_Data_
<<<<
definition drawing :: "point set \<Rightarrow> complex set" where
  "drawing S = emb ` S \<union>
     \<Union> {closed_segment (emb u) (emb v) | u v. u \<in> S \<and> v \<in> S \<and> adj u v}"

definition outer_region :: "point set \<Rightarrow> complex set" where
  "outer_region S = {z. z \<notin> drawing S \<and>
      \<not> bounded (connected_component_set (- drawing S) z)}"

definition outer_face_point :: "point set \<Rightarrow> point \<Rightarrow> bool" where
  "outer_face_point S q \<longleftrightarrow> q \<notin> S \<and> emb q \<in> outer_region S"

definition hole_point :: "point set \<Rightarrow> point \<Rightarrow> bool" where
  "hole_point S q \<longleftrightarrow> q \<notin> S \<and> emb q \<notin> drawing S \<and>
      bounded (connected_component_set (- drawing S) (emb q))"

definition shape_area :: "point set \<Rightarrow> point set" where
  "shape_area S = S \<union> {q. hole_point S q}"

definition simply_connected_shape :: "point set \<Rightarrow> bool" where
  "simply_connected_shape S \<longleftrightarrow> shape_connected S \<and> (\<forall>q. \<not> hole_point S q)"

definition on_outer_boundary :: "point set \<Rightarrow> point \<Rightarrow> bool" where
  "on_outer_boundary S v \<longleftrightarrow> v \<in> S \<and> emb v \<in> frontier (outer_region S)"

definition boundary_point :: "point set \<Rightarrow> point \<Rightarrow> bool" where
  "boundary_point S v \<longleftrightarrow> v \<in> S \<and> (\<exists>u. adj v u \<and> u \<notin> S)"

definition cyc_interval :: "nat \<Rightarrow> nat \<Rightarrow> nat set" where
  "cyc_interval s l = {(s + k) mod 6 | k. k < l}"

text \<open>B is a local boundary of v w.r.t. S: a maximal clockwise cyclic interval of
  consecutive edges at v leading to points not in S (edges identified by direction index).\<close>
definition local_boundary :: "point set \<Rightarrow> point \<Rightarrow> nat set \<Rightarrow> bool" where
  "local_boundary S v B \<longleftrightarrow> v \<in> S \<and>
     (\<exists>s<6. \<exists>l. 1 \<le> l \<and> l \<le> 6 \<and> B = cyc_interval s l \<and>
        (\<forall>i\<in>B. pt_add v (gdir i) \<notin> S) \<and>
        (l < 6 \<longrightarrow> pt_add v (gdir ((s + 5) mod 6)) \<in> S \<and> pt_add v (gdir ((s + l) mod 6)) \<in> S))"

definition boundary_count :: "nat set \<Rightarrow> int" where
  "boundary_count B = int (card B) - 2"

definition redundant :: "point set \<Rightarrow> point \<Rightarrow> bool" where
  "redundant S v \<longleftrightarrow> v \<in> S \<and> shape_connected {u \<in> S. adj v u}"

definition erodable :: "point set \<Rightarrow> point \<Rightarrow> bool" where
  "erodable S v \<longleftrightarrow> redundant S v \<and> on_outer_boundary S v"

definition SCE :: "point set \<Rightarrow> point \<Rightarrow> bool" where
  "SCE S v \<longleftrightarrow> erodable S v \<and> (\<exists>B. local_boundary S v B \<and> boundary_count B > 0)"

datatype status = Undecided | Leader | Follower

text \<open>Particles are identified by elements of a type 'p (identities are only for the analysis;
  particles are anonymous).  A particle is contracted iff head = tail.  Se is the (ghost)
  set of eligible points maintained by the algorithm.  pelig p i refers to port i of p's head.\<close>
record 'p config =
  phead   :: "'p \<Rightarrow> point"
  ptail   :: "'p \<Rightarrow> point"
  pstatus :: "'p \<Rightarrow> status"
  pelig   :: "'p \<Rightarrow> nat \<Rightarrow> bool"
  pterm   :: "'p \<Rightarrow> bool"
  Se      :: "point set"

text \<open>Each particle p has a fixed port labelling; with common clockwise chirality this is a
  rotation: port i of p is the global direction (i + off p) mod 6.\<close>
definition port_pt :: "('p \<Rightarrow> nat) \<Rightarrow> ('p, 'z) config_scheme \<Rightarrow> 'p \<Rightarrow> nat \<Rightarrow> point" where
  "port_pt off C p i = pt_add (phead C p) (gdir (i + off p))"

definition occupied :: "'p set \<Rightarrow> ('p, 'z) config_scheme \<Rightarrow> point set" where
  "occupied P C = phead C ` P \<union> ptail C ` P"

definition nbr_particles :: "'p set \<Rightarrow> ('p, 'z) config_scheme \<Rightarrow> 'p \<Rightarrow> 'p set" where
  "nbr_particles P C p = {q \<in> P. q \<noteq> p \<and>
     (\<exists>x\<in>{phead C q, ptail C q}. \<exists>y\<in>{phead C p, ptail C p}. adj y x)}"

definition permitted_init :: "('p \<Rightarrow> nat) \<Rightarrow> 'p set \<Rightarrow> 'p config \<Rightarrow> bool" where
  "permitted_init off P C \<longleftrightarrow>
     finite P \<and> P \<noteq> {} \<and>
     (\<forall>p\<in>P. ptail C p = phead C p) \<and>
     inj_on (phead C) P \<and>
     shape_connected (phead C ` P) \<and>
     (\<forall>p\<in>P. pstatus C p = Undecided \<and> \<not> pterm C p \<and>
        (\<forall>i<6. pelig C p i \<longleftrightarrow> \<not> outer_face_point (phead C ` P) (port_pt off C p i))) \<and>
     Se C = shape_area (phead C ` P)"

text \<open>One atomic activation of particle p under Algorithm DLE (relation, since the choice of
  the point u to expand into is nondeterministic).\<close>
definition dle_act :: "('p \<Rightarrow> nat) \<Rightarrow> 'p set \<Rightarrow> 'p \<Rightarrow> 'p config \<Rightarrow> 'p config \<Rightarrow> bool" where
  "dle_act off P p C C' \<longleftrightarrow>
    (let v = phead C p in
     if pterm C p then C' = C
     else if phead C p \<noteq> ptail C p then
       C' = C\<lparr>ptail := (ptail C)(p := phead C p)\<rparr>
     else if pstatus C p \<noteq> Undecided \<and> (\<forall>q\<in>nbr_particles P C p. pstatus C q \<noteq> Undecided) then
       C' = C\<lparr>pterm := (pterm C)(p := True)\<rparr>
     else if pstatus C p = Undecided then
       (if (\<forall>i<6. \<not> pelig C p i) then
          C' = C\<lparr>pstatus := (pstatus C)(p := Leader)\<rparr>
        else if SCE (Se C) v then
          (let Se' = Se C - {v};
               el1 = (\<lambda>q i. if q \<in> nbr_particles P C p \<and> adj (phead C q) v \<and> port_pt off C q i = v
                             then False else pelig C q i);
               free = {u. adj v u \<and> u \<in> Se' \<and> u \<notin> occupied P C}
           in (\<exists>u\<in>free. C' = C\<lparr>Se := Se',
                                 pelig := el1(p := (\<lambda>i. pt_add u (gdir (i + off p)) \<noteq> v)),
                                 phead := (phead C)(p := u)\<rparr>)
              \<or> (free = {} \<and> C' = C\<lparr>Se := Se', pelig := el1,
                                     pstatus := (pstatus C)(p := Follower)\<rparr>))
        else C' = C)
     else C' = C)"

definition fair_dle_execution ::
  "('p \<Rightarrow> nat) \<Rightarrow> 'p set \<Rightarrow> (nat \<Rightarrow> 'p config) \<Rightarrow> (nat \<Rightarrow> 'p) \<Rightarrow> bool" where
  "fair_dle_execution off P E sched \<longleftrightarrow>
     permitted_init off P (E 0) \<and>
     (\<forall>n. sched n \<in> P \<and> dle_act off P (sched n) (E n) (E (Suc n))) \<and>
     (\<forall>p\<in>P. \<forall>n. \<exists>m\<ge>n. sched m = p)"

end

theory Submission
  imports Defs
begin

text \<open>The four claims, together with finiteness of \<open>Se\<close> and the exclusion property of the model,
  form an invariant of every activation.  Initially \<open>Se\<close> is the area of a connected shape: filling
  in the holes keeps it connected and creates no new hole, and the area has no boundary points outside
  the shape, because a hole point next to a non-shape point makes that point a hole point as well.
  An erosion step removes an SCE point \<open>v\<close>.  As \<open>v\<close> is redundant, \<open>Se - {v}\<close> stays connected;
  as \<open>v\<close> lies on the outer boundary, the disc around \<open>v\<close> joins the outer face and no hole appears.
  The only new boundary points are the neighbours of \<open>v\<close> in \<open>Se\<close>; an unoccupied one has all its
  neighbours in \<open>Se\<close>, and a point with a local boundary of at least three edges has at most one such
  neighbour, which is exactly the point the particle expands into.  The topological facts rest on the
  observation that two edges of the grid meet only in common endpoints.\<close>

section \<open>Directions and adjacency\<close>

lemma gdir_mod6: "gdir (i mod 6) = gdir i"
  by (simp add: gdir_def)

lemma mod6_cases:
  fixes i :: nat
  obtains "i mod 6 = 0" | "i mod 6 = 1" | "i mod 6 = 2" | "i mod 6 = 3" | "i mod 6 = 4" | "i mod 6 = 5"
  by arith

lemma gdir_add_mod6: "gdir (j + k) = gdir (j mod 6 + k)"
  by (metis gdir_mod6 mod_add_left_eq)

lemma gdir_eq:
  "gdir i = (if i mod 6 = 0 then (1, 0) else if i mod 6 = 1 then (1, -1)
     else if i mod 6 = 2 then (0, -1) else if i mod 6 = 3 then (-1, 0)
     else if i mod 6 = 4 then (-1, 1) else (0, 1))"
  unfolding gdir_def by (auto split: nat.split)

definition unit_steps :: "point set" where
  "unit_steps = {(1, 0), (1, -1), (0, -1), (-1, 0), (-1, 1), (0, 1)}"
>>>>
<<<<
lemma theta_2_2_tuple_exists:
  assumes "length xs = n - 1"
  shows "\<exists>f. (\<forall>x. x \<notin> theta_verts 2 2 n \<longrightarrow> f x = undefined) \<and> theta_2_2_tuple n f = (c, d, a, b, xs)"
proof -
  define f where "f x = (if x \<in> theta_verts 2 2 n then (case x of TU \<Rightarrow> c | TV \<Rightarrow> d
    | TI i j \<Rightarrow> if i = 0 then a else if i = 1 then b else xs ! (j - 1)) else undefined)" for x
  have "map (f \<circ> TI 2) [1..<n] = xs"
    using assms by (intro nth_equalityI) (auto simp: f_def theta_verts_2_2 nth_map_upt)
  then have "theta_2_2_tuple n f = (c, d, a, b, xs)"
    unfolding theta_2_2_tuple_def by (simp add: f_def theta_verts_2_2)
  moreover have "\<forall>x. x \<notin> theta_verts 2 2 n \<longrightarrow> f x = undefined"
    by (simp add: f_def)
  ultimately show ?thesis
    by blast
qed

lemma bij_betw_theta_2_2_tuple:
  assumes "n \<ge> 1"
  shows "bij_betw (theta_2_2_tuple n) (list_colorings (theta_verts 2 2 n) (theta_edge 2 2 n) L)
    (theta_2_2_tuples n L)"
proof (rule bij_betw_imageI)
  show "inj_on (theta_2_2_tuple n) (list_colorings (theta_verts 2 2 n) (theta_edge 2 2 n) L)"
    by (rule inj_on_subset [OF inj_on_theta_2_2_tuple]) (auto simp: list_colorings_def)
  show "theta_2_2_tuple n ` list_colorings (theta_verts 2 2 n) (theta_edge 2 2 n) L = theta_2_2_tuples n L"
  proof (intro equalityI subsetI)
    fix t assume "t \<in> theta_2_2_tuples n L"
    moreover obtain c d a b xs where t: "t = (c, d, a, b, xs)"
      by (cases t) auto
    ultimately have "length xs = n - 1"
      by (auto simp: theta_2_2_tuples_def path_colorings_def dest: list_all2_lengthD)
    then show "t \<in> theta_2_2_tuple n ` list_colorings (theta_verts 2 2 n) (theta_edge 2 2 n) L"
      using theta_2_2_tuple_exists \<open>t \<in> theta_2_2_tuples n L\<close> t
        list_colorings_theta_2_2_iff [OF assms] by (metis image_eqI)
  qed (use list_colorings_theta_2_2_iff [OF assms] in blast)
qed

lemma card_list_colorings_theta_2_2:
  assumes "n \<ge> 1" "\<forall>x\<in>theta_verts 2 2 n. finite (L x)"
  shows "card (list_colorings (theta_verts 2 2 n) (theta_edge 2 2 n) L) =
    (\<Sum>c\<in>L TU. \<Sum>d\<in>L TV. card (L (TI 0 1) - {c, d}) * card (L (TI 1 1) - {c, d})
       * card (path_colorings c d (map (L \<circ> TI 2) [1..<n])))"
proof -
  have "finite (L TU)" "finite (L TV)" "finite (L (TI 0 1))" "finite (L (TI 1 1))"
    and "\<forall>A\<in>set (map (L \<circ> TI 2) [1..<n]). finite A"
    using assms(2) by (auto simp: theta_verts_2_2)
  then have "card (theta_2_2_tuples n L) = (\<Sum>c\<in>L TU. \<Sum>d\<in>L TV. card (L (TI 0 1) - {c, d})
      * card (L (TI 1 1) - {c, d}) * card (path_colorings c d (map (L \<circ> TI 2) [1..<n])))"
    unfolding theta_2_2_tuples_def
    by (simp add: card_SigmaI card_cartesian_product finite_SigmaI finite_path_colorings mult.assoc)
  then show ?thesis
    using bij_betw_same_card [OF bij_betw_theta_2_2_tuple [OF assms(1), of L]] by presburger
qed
>>>>
<<<<
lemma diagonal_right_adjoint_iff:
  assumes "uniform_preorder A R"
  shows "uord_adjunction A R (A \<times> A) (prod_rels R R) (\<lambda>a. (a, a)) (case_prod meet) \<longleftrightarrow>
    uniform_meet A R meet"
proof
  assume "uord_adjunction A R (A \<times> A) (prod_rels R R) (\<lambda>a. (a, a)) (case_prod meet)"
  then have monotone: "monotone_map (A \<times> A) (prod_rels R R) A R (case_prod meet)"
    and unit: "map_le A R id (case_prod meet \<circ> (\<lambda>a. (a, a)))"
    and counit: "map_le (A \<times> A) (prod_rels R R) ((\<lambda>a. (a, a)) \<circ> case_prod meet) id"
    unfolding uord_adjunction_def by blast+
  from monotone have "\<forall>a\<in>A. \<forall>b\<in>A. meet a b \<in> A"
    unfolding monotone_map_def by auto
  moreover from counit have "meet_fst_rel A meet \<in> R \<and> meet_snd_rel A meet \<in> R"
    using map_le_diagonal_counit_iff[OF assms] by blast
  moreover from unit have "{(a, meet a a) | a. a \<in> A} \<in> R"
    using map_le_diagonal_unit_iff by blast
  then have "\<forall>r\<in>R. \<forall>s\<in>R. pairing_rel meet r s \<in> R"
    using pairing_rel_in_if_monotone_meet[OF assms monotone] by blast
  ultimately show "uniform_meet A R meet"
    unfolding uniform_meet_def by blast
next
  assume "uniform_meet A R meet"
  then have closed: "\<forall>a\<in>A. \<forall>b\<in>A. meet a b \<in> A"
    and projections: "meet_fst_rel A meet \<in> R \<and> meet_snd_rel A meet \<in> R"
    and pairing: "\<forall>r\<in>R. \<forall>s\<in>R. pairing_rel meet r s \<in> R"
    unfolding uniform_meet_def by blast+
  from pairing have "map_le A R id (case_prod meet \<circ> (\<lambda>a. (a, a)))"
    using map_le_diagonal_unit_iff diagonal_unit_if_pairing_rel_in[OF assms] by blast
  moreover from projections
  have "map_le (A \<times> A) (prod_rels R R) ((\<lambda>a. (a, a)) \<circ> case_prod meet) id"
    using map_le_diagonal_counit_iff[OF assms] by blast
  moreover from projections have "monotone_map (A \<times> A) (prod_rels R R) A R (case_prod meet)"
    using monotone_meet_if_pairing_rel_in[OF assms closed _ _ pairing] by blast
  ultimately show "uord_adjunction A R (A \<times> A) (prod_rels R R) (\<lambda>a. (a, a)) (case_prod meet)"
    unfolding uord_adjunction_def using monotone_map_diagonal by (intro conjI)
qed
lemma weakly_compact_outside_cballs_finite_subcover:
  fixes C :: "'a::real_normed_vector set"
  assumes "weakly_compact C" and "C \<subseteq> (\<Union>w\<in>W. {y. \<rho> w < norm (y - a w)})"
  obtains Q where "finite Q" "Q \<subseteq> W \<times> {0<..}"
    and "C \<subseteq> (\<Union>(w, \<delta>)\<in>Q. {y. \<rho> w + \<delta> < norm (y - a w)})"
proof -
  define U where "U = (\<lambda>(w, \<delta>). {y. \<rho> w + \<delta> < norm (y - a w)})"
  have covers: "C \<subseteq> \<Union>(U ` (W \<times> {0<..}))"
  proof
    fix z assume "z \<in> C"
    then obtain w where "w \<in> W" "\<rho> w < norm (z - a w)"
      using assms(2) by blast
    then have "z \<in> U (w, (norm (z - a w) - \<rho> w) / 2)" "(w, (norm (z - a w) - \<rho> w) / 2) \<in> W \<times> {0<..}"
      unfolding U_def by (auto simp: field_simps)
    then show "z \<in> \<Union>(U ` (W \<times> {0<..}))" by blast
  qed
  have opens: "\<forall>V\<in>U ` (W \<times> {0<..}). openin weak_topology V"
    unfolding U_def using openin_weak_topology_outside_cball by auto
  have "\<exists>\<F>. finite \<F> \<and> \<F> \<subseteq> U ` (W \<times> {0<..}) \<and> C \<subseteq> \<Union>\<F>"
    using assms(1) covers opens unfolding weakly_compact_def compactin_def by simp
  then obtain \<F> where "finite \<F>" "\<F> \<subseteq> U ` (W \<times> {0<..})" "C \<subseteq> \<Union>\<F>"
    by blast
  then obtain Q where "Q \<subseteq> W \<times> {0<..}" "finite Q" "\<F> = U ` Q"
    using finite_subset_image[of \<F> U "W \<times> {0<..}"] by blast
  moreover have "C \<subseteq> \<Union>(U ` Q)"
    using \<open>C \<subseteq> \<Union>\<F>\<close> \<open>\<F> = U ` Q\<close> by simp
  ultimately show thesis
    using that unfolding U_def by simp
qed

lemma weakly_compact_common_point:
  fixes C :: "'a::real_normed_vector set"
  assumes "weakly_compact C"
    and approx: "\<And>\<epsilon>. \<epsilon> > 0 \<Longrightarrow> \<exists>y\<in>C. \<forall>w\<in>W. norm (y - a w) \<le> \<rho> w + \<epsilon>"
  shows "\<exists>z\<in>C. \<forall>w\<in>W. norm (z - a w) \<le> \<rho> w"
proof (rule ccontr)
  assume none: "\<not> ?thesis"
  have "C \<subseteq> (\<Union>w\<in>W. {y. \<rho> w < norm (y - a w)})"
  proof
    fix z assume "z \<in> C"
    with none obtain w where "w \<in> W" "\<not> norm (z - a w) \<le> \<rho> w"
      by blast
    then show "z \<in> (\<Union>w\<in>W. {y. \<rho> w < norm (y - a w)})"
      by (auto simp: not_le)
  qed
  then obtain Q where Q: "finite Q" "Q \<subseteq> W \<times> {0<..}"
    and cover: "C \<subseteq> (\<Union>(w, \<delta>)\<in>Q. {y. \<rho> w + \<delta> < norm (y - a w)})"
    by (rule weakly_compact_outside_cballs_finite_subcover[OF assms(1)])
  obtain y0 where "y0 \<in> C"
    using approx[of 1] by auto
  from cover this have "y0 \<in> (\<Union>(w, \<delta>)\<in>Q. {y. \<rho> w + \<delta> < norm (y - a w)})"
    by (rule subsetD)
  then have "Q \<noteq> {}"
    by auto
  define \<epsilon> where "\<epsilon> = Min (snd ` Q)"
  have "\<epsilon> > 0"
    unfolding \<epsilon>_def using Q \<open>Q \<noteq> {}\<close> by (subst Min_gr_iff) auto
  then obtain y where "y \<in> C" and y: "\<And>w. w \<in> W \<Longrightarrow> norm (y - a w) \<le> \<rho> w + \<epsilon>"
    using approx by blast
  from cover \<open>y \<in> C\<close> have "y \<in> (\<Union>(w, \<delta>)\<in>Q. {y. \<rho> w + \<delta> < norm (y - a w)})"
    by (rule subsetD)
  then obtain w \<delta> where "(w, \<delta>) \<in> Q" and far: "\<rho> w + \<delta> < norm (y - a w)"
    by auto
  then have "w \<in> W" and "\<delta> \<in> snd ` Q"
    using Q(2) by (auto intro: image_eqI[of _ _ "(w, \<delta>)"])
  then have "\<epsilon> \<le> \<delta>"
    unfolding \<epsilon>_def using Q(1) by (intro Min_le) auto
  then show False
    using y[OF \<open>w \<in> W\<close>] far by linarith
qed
>>>>
In the material above, how many lines hold the string "covers"? Give the number and nothing else.

2